Provide an exact copy of the lines from the beginning of the records through the line that includes "by (simp add: Sinf_def bij_is_inj)", and of no others.

DATASET:
==========

lemma finite_lists_below: "finite (lists_below n N)"
proof (rule finite_subset)
  show "lists_below n N \<subseteq> {xs. set xs \<subseteq> {..<N} \<and> length xs = n}"
    by (auto simp: lists_below_def H_def)
qed (simp add: finite_lists_length_eq)

lemma traces_subset_Pow: "traces n S N \<subseteq> Pow (lists_below n N)"
  by (auto simp: traces_def trace_def)

lemma finite_traces: "finite (traces n S N)"
  using traces_subset_Pow finite_lists_below by (meson finite_Pow_iff finite_subset)

lemma Sinf_imp_inj: "g \<in> Sinf \<Longrightarrow> inj g"
  by (simp add: Sinf_def bij_is_inj)

lemma map_in_H: "inj g \<Longrightarrow> s \<in> H n \<Longrightarrow> map g s \<in> H n"
  by (auto simp: H_def distinct_map inj_on_def)

lemma trace_eq_act:
  assumes "g \<in> Sinf"
  shows "trace n S g N = {s \<in> lists_below n N. act n (chi n S) g s}"
  using map_in_H[OF Sinf_imp_inj[OF assms]] by (auto simp: trace_def lists_below_def act_def chi_def)

lemma trace_of_orbit_closure:
  assumes "x \<in> cube n closure_of orbit n (chi n S)"
  obtains g where "g \<in> Sinf" "trace n S g N = {s \<in> lists_below n N. x s}"
proof -
  have "x \<in> topspace (cube n)" by (rule subsetD[OF closure_of_subset_topspace assms])
  then obtain a where a: "a \<in> orbit n (chi n S)" "\<forall>s\<in>lists_below n N. a s = x s"
    using assms finite_lists_below in_closure_of_cube_iff[OF _ orbit_subset_topspace] by metis
  then obtain g where "g \<in> Sinf" "a = act n (chi n S) g" by (auto simp: orbit_def)
  then show thesis using that a(2) trace_eq_act by auto
qed

lemma traces_subset_of_orbit_closure:
  assumes "orbit n (chi n S) \<subseteq> cube n closure_of orbit n (chi n S')"
  shows "traces n S N \<subseteq> traces n S' N"
proof
  fix c assume "c \<in> traces n S N"
  then obtain g where g: "g \<in> Sinf" "c = trace n S g N" by (auto simp: traces_def)
  have "act n (chi n S) g \<in> cube n closure_of orbit n (chi n S')"
    using assms g(1) by (auto simp: orbit_def)
  then obtain g' where "g' \<in> Sinf" "trace n S' g' N = {s \<in> lists_below n N. act n (chi n S) g s}"
    by (rule trace_of_orbit_closure)
  then show "c \<in> traces n S' N" using g trace_eq_act by (auto simp: traces_def)
qed
(* Let $\mathcal{H}$ be a separable Hilbert space with a fixed orthonormal basis $\mathcal{B}=\{e_k\}_{k\in\mathbb{N}}$, let $\mathcal{S}$ be a closed subspace of $\mathcal{H}$, and for $n\in\mathbb{N}$ put $\mathcal{H}_n=\mathrm{span}\{e_1,\dots,e_n\}$ and $\mathcal{S}_n=\mathcal{S}\cap\mathcal{H}_n$. The following are equivalent: (1) $\mathcal{S}$ is $\mathcal{B}$-compatible; (2) (a) $\bigcup_{n\ge1}\mathcal{S}_n$ is dense in $\mathcal{S}$, and (b) there exists $M>0$ such that $K[\mathcal{S}_n,\mathcal{D}]=\sup_{Q\in\mathcal{P}(\mathcal{D})}\|P_{Q,\mathcal{S}_n}\|\le M$ for every $n\in\mathbb{N}$.
   Context: $\mathcal{D}$ is the algebra of operators diagonal with respect to $\mathcal{B}$; $\mathcal{P}(\mathcal{D})$ is the set of (orthogonal) projections in $\mathcal{D}$. For a positive bounded $D$ and a closed subspace $\mathcal{T}$, the pair $(D,\mathcal{T})$ is compatible if there is a bounded idempotent $Q$ with range $\mathcal{T}$ and $DQ=Q^*D$; writing $D=\begin{pmatrix} a & b\\ b^* & c\end{pmatrix}$ with respect to $\mathcal{T}\oplus\mathcal{T}^\perp$, this is equivalent to $R(b)\subseteq R(a)$, and then $P_{D,\mathcal{T}}:=\begin{pmatrix} 1 & d\\ 0&0\end{pmatrix}$ with $d$ the unique bounded operator $\mathcal{T}^\perp\to\mathcal{T}$ satisfying $ad=b$ and $R(d)\subseteq\overline{R(a)}$. Friedrichs angle cosine: $c[\mathcal{M},\mathcal{N}]=\sup\{|\langle\xi,\eta\rangle|:\xi\in\mathcal{M}\ominus(\mathcal{M}\cap\mathcal{N}),\eta\in\mathcal{N}\ominus(\mathcal{M}\cap\mathcal{N}),\|\xi\|=\|\eta\|=1\}$. A closed subspace $\mathcal{T}$ is $\mathcal{B}$-compatible if $c[\mathcal{T},\mathcal{D}]:=\sup_{Q\in\mathcal{P}(\mathcal{D})}c[\mathcal{T},R(Q)]<1$; then $K[\mathcal{T},\mathcal{D}]:=(1-c[\mathcal{T},\mathcal{D}]^2)^{-1/2}$. (Each $\mathcal{S}_n$ is $\mathcal{B}$-compatible, so the quantities in (b) are defined.) *)

theory Defs
  imports Complex_Main
begin
lemma ordering_of_simplicial_last_order:
  assumes "distinct \<tau>" "c \<in> set \<tau>"
  shows "ordering_of (set \<tau>) (simplicial_last_order E \<tau> c @ [c])"
  using assms precedes_asym[OF assms(1)] precedes_irrefl[OF assms(1)] precedes_total[of _ \<tau> c]
  unfolding ordering_of_def simplicial_last_order_def by (auto dest: precedes_in_set)

lemma simplicial_last_order_before:
  assumes d: "distinct \<tau>" and u: "umbrella_list E \<tau>"
    and "precedes \<tau> k c" "precedes \<tau> l c" "precedes (simplicial_last_order E \<tau> c @ [c]) k l"
  shows "precedes \<tau> k l"
proof -
  have "\<not> precedes \<tau> c k" "\<not> precedes \<tau> c l" using assms(3,4) precedes_asym[OF d] by blast+
  then have "\<not> E k c \<and> \<not> E l c \<and> precedes \<tau> k l \<or> E k c \<and> E l c \<and> precedes \<tau> k l \<or> \<not> E k c \<and> E l c"
    using assms(3-5) unfolding simplicial_last_order_def
    by (auto simp: precedes_append precedes_rev precedes_filter)
  moreover have "precedes \<tau> k l" if "\<not> E k c" "E l c"
  proof -
    have "k \<noteq> l" "\<not> precedes \<tau> l k" using that assms(3) u unfolding umbrella_list_def by blast+
    then show ?thesis using assms(3,4) precedes_total precedes_in_set by metis
  qed
  ultimately show ?thesis by blast
qed

lemma simplicial_last_order_after:
  assumes d: "distinct \<tau>" and u: "umbrella_list E \<tau>" and sym: "\<And>a b. E a b \<Longrightarrow> E b a"
    and "precedes \<tau> c k" "precedes \<tau> c l" "precedes (simplicial_last_order E \<tau> c @ [c]) k l"
  shows "precedes \<tau> l k"
proof -
  have "\<not> precedes \<tau> k c" "\<not> precedes \<tau> l c" using assms(4,5) precedes_asym[OF d] by blast+
  then have "\<not> E k c \<and> \<not> E l c \<and> precedes \<tau> l k \<or> E k c \<and> E l c \<and> precedes \<tau> l k \<or> \<not> E k c \<and> E l c"
    using assms(4-6) unfolding simplicial_last_order_def
    by (auto simp: precedes_append precedes_rev precedes_filter)
  moreover have "precedes \<tau> l k" if "\<not> E k c" "E l c"
  proof -
    have "k \<noteq> l" "\<not> precedes \<tau> k l" using that assms(4) u sym unfolding umbrella_list_def by blast+
    then show ?thesis using assms(4,5) precedes_total precedes_in_set by metis
  qed
  ultimately show ?thesis by blast
qed

lemma simplicial_last_order_nbr_suffix:
  assumes "distinct \<tau>" "x = c \<or> E x c" "precedes (simplicial_last_order E \<tau> c @ [c]) x y"
  shows "y = c \<or> E y c"
  using assms precedes_asym[OF assms(1)] unfolding simplicial_last_order_def
  by (auto simp: precedes_append precedes_rev precedes_filter)

lemma strong_list_simplicial_last_order:
  assumes d: "distinct \<tau>" and cl: "closed_list E \<tau>" and u: "umbrella_list E \<tau>"
    and sym: "\<And>a b. E a b \<Longrightarrow> E b a" and c: "c \<in> set \<tau>" "simplicial E (set \<tau>) c"
  shows "strong_list E (simplicial_last_order E \<tau> c @ [c])"
  unfolding strong_list_def
proof
  fix x
  let ?\<rho> = "simplicial_last_order E \<tau> c @ [c]"
  have \<rho>: "distinct ?\<rho>" "set ?\<rho> = set \<tau>"
    using ordering_of_simplicial_last_order[OF d c(1)] unfolding ordering_of_def by blast+
  consider "precedes \<tau> x c" "\<not> E x c" | "precedes \<tau> c x" "\<not> E x c" | "x \<notin> set \<tau> \<or> x = c \<or> E x c"
    using precedes_total c(1) by metis
  then show "strong_at E ?\<rho> x"
  proof cases
    case 1
    then show ?thesis
      using strong_at_nonneighbour_reorder[OF d closed_list_imp_strong_list[OF cl d sym] u _ _ \<rho>]
        simplicial_last_order_before[OF d u] by blast
  next
    case 2
    have "strong_list E (rev \<tau>)"
      using closed_list_imp_strong_list[of E "rev \<tau>"] closed_list_rev[of E \<tau>] cl d sym by simp
    moreover have "umbrella_list E (rev \<tau>)" using umbrella_list_rev[of E \<tau>] u sym by blast
    moreover have "precedes (rev \<tau>) k l"
      if "precedes (rev \<tau>) k c" "precedes (rev \<tau>) l c" "precedes ?\<rho> k l" for k l
      using that simplicial_last_order_after[OF d u sym] unfolding precedes_rev by blast
    ultimately show ?thesis
      using 2 strong_at_nonneighbour_reorder[of "rev \<tau>" E x c ?\<rho>] \<rho> d unfolding precedes_rev by simp
  next
    case 3
    have "y \<in> set \<tau> \<and> (y = c \<or> E c y)" if "precedes ?\<rho> x y" for y
      using 3 that simplicial_last_order_nbr_suffix[OF d] precedes_in_set[OF that] \<rho>(2) sym
      by blast
    then show ?thesis
      using c(2) sym unfolding simplicial_def by (intro strong_at_if_clique[OF _ \<rho>(1)]) blast
  qed
qed

section \<open>Gluing orderings at a cut vertex\<close>

lemma strong_at_append_right:
  assumes "distinct (ys @ zs)" "x \<notin> set ys" "strong_at E zs x"
  shows "strong_at E (ys @ zs) x"
proof -
  have later: "precedes (ys @ zs) x y \<longleftrightarrow> precedes zs x y" for y
    using assms(2) precedes_in_set unfolding precedes_append by metis
  have "precedes zs k l" if "precedes (ys @ zs) x k" "precedes (ys @ zs) k l" for k l
  proof -
    have "k \<notin> set ys" using that(1) later assms(1) precedes_in_set by fastforce
    then show ?thesis using that(2) precedes_in_set unfolding precedes_append by metis
  qed
  then show ?thesis using strong_at_transfer[OF assms(3,1)] later by blast
qed

lemma strong_at_append_left:
  assumes d: "distinct (ys @ zs)" and us: "set us \<subseteq> set zs" "length us \<le> 1" and x: "x \<in> set ys"
    and cross: "\<And>a b. a \<in> set ys \<Longrightarrow> b \<in> set zs \<Longrightarrow> E a b \<Longrightarrow> b \<in> set us"
    and "strong_at E (ys @ us) x"
  shows "strong_at E (ys @ zs) x"
proof (rule strong_at_transfer[OF assms(6) d])
  have us_single: "k = l" if "k \<in> set us" "l \<in> set us" for k l
    using that us(2) by (cases us) auto
  have x_zs: "x \<notin> set zs" using d x by auto
  have zs_irrefl: "\<not> precedes zs a a" for a using d precedes_irrefl[of zs] by simp
  have nbr: "precedes ys x y \<or> y \<in> set us" if "E x y" "precedes (ys @ zs) x y" for y
    using that x_zs cross[OF x] precedes_in_set unfolding precedes_append by metis
  show "\<And>y. E x y \<Longrightarrow> precedes (ys @ zs) x y \<Longrightarrow> precedes (ys @ us) x y"
    using nbr x by (auto simp: precedes_append)
  show "precedes (ys @ us) k l"
    if "E x k" "E x l" "precedes (ys @ zs) x k" "precedes (ys @ zs) x l" "precedes (ys @ zs) k l"
    for k l
    using nbr[OF that(1,3)] nbr[OF that(2,4)] that(5) d us us_single zs_irrefl
    by (auto simp: precedes_append dest: precedes_in_set)
  show "precedes (ys @ us) x j"
    if "E x k" "E x l" "precedes (ys @ zs) x k" "precedes (ys @ zs) k l" "E k j"
      "precedes (ys @ zs) x j"
    for k j l
  proof -
    have "precedes (ys @ zs) x l" using that(3,4) precedes_trans d by metis
    \<comment> \<open>if k were the vertex of us, then l would be another vertex of us\<close>
    then have "k \<in> set ys"
      using nbr[OF that(1,3)] nbr[OF that(2)] that(4) d us us_single zs_irrefl
      by (auto simp: precedes_append dest: precedes_in_set)
    then show ?thesis
      using that(5,6) x_zs x cross precedes_in_set unfolding precedes_append by metis
  qed
qed

lemma strong_list_append:
  assumes "distinct (ys @ zs)" "set us \<subseteq> set zs" "length us \<le> 1"
    and "\<And>a b. a \<in> set ys \<Longrightarrow> b \<in> set zs \<Longrightarrow> E a b \<Longrightarrow> b \<in> set us"
    and "strong_list E (ys @ us)" "strong_list E zs"
  shows "strong_list E (ys @ zs)"
  using assms strong_at_append_left[of ys zs us] strong_at_append_right[of ys zs]
  unfolding strong_list_def by metis

section \<open>Separations and blocks\<close>

text \<open>The at most one shared vertex is kept as a list, so that it can end an elimination ordering
of one side.\<close>

definition separated_by :: "('a \<Rightarrow> 'a \<Rightarrow> bool) \<Rightarrow> 'a list \<Rightarrow> 'a set \<Rightarrow> 'a set \<Rightarrow> bool" where
  "separated_by E us V1 V2 \<longleftrightarrow> V1 \<inter> V2 = set us \<and> length us \<le> 1
     \<and> V1 - V2 \<noteq> {} \<and> V2 - V1 \<noteq> {} \<and> (\<forall>a\<in>V1 - V2. \<forall>b\<in>V2 - V1. \<not> E a b)
     \<and> (\<forall>u\<in>set us. (\<exists>a\<in>V1 - V2. E u a) \<and> (\<exists>b\<in>V2 - V1. E u b))"

lemma separated_by_commute:
  assumes "separated_by E us V1 V2" "\<And>a b. E a b \<Longrightarrow> E b a"
  shows "separated_by E us V2 V1"
  using assms unfolding separated_by_def by (metis Int_commute)

lemma separated_by_component:
  assumes "x \<in> W" "y \<in> W" "\<not> (induced E W)\<^sup>*\<^sup>* x y"
  defines "C \<equiv> {z \<in> W. (induced E W)\<^sup>*\<^sup>* x z}"
  shows "separated_by E [] C (W - C)"
proof -
  have "\<not> E a b" if "a \<in> C" "b \<in> W - C" for a b
  proof
    assume "E a b"
    then have "induced E W a b" using that unfolding C_def induced_def by blast
    then show False using that unfolding C_def by (auto intro: rtranclp.rtrancl_into_rtrancl)
  qed
  moreover have "x \<in> C" "y \<in> W - C" "C \<subseteq> W" using assms(1-3) unfolding C_def by auto
  ultimately show ?thesis unfolding separated_by_def by auto
qed

lemma separated_by_insert:
  assumes "separated_by E [] A B" "v \<notin> A \<union> B" and sym: "\<And>a b. E a b \<Longrightarrow> E b a"
  shows "\<exists>V1 V2 us. V1 \<union> V2 = insert v (A \<union> B) \<and> separated_by E us V1 V2"
proof -
  have AB: "A \<inter> B = {}" "A \<noteq> {}" "B \<noteq> {}" "\<forall>a\<in>A. \<forall>b\<in>B. \<not> E a b"
    using assms(1) unfolding separated_by_def by auto
  have diff: "insert v A - insert v B = A" "insert v B - insert v A = B"
    "insert v A - B = insert v A" "B - insert v A = B" "A - insert v B = A" "insert v B - A = insert v B"
    using AB(1) assms(2) by auto
  consider "\<exists>a\<in>A. E v a" "\<exists>b\<in>B. E v b" | "\<forall>b\<in>B. \<not> E v b" | "\<forall>a\<in>A. \<not> E v a" by blast
  then show ?thesis
  proof cases
    case 1
    moreover have "insert v A \<inter> insert v B = set [v]" using AB(1) by auto
    ultimately have "separated_by E [v] (insert v A) (insert v B)"
      using AB unfolding separated_by_def diff by simp
    moreover have "insert v A \<union> insert v B = insert v (A \<union> B)" by blast
    ultimately show ?thesis by metis
  next
    case 2
    moreover have "insert v A \<inter> B = set []" using AB(1) assms(2) by auto
    ultimately have "separated_by E [] (insert v A) B"
      using AB unfolding separated_by_def diff by simp
    moreover have "insert v A \<union> B = insert v (A \<union> B)" by blast
    ultimately show ?thesis by metis
  next
    case 3
    moreover have "A \<inter> insert v B = set []" using AB(1) assms(2) by auto
    ultimately have "separated_by E [] A (insert v B)"
      using AB sym unfolding separated_by_def diff by auto
    moreover have "A \<union> insert v B = insert v (A \<union> B)" by blast
    ultimately show ?thesis by metis
  qed
qed
lemma separated_by_if_separable:
  assumes "V \<noteq> {}" "\<not> nonseparable_on E V" and sym: "\<And>a b. E a b \<Longrightarrow> E b a"
  shows "\<exists>V1 V2 us. V1 \<union> V2 = V \<and> separated_by E us V1 V2"
proof -
  consider "\<not> connected_on E V" | v where "cut_vertex_on E V v"
    using assms(2) unfolding nonseparable_on_def by blast
  then show ?thesis
  proof cases
    case 1
    then obtain x y where "x \<in> V" "y \<in> V" "\<not> (induced E V)\<^sup>*\<^sup>* x y"
      using assms(1) unfolding connected_on_def joined_in_def by blast
    then have "separated_by E [] {z \<in> V. (induced E V)\<^sup>*\<^sup>* x z} (V - {z \<in> V. (induced E V)\<^sup>*\<^sup>* x z})"
      by (rule separated_by_component)
    moreover have "{z \<in> V. (induced E V)\<^sup>*\<^sup>* x z} \<union> (V - {z \<in> V. (induced E V)\<^sup>*\<^sup>* x z}) = V"
      by blast
    ultimately show ?thesis by metis
  next
    case 2
    then obtain x y where xy: "v \<in> V" "x \<in> V - {v}" "y \<in> V - {v}"
      "\<not> (induced E (V - {v}))\<^sup>*\<^sup>* x y"
      unfolding cut_vertex_on_def joined_in_def by blast
    let ?C = "{z \<in> V - {v}. (induced E (V - {v}))\<^sup>*\<^sup>* x z}"
    have "separated_by E [] ?C (V - {v} - ?C)"
      using separated_by_component[of x "V - {v}" y E] xy by blast
    moreover have "insert v (?C \<union> (V - {v} - ?C)) = V" using xy(1) by blast
    ultimately show ?thesis using separated_by_insert[of E ?C "V - {v} - ?C" v] sym by simp
  qed
qed

lemma nonseparable_on_edge:
  assumes "E v w" "E w v" "v \<noteq> w"
  shows "nonseparable_on E {v, w}"
  unfolding nonseparable_on_def connected_on_def
proof (intro conjI ballI allI)
  have "induced E {v, w} v w" "induced E {v, w} w v" using assms(1,2) unfolding induced_def by auto
  then show "joined_in E {v, w} x y" if "x \<in> {v, w}" "y \<in> {v, w}" for x y
    using that unfolding joined_in_def by auto
  show "\<not> cut_vertex_on E {v, w} u" for u
    unfolding cut_vertex_on_def joined_in_def by auto
qed simp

==========

RESULT:
lemma finite_lists_below: "finite (lists_below n N)"
proof (rule finite_subset)
  show "lists_below n N \<subseteq> {xs. set xs \<subseteq> {..<N} \<and> length xs = n}"
    by (auto simp: lists_below_def H_def)
qed (simp add: finite_lists_length_eq)

lemma traces_subset_Pow: "traces n S N \<subseteq> Pow (lists_below n N)"
  by (auto simp: traces_def trace_def)

lemma finite_traces: "finite (traces n S N)"
  using traces_subset_Pow finite_lists_below by (meson finite_Pow_iff finite_subset)

lemma Sinf_imp_inj: "g \<in> Sinf \<Longrightarrow> inj g"
  by (simp add: Sinf_def bij_is_inj)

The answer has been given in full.